Segment Start: Dataset entries

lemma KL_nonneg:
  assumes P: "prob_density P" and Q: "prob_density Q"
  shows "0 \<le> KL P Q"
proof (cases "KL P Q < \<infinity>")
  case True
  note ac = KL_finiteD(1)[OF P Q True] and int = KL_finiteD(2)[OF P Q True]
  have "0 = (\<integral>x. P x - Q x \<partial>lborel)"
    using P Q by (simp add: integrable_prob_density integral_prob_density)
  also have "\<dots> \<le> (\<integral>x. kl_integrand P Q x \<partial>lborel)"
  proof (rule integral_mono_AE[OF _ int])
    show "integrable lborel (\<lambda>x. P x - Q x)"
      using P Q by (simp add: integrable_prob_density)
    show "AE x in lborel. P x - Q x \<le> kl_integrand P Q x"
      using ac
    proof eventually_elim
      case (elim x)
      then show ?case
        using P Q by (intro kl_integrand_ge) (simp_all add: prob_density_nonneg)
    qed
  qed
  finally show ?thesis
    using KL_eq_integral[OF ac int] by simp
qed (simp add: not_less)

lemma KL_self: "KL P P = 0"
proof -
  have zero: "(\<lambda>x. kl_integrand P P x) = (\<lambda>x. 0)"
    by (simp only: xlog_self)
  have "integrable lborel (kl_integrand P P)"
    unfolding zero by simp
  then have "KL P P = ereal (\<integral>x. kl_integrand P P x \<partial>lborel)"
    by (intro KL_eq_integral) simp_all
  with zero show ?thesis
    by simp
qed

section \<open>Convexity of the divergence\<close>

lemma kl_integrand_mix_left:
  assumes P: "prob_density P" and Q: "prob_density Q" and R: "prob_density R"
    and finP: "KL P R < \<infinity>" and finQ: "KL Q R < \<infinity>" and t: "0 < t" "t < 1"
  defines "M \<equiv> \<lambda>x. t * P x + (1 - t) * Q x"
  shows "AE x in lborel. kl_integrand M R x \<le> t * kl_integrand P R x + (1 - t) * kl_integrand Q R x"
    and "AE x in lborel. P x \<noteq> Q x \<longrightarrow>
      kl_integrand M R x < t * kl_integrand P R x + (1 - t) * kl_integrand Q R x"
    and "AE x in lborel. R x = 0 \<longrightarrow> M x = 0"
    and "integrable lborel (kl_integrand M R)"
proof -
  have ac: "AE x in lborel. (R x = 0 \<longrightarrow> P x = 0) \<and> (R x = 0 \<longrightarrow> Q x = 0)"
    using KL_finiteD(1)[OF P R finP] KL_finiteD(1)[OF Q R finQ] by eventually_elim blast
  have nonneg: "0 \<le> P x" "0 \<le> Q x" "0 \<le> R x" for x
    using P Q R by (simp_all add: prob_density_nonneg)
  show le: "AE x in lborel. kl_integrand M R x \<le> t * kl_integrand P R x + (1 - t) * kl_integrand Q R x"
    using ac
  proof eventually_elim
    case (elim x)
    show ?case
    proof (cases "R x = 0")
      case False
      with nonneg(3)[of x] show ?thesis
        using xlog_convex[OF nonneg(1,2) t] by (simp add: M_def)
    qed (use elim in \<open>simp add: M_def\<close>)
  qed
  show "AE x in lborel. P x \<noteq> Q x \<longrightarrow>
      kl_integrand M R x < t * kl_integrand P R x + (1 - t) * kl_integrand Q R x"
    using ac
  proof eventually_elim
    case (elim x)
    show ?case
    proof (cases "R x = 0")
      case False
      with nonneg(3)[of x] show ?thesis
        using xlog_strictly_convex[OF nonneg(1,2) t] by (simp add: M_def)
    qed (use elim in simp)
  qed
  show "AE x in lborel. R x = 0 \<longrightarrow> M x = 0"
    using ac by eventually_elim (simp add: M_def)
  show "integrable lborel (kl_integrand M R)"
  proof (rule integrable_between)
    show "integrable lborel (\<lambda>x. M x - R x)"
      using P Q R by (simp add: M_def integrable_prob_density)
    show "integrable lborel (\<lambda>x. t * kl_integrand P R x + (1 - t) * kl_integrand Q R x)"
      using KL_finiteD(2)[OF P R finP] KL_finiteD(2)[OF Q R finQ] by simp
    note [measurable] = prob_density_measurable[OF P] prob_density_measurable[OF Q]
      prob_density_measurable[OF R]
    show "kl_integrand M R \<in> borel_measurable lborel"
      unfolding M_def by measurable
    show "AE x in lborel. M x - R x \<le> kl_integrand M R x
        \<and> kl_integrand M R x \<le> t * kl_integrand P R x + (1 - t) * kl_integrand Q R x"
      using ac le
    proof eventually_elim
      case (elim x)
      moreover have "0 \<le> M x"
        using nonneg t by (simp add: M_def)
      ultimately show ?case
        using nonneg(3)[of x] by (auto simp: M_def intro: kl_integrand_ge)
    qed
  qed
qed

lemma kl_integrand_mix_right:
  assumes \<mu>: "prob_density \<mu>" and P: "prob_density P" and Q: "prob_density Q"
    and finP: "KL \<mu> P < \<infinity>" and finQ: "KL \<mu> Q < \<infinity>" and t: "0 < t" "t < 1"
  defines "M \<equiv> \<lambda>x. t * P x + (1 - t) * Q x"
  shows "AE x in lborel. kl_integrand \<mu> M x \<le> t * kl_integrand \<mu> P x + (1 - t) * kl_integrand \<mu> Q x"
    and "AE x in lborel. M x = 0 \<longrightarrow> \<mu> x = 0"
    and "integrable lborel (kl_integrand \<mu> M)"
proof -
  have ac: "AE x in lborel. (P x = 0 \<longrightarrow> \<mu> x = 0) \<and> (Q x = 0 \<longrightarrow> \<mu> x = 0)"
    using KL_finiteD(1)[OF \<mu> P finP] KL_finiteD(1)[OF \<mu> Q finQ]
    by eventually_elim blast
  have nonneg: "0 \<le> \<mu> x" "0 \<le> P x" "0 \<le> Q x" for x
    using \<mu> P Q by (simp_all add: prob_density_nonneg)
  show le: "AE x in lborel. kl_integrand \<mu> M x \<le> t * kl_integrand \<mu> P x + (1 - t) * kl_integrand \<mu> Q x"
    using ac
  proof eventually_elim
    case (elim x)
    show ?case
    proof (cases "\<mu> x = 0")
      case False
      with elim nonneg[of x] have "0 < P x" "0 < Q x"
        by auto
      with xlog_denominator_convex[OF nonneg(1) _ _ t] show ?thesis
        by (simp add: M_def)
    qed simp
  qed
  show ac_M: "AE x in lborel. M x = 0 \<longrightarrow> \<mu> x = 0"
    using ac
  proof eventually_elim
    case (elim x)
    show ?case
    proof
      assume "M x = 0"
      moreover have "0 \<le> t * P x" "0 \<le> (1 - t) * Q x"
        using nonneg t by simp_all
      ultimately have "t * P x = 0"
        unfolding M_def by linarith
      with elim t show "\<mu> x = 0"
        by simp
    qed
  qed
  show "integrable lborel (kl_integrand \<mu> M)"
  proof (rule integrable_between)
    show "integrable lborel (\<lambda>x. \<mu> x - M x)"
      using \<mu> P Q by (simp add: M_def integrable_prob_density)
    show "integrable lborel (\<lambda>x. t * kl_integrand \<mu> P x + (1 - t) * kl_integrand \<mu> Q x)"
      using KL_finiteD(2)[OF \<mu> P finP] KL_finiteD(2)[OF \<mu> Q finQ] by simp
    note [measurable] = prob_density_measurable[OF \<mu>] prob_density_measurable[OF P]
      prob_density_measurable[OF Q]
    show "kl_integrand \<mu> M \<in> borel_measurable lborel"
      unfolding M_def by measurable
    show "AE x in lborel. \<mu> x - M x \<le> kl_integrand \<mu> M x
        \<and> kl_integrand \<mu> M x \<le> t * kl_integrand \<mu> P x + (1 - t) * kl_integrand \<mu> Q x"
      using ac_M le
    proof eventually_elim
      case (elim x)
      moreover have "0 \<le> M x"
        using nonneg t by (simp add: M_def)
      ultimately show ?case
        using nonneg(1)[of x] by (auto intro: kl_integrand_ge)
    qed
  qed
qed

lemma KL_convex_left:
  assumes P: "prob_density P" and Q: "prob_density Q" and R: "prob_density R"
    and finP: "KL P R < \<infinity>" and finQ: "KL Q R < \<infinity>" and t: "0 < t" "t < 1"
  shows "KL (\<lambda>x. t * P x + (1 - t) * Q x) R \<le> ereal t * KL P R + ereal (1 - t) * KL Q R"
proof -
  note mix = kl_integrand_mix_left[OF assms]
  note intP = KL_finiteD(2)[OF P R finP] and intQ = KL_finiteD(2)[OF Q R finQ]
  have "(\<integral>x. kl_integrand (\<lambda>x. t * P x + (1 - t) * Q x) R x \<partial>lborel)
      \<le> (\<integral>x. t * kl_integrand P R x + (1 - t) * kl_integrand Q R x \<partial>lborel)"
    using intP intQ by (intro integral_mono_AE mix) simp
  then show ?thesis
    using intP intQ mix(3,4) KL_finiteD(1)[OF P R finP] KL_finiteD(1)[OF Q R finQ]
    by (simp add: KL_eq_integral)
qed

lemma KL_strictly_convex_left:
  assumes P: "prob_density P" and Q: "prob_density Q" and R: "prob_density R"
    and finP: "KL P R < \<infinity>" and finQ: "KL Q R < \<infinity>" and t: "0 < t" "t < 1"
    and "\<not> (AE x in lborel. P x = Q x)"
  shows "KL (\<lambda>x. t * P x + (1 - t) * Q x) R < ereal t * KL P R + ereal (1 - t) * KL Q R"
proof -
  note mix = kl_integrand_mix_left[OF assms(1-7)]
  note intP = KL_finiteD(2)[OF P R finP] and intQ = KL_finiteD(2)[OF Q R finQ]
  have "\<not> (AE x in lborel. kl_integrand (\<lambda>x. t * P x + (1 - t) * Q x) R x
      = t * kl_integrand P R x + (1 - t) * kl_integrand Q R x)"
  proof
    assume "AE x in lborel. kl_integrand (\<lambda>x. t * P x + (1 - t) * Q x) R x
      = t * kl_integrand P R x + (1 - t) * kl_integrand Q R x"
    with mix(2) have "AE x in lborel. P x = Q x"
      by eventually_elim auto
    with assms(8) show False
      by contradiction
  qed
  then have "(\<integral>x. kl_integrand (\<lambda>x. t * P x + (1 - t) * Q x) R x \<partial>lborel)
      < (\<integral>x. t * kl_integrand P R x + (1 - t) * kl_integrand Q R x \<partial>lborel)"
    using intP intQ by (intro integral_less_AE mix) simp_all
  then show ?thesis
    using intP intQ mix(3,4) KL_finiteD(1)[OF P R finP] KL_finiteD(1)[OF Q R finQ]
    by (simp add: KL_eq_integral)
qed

Segment End: Dataset entries

Task item:
Return every line of the records in which the word "lemma" is found.

Answer to this problem:
lemma KL_nonneg:
lemma KL_self: "KL P P = 0"
lemma kl_integrand_mix_left:
lemma kl_integrand_mix_right:
lemma KL_convex_left:
lemma KL_strictly_convex_left:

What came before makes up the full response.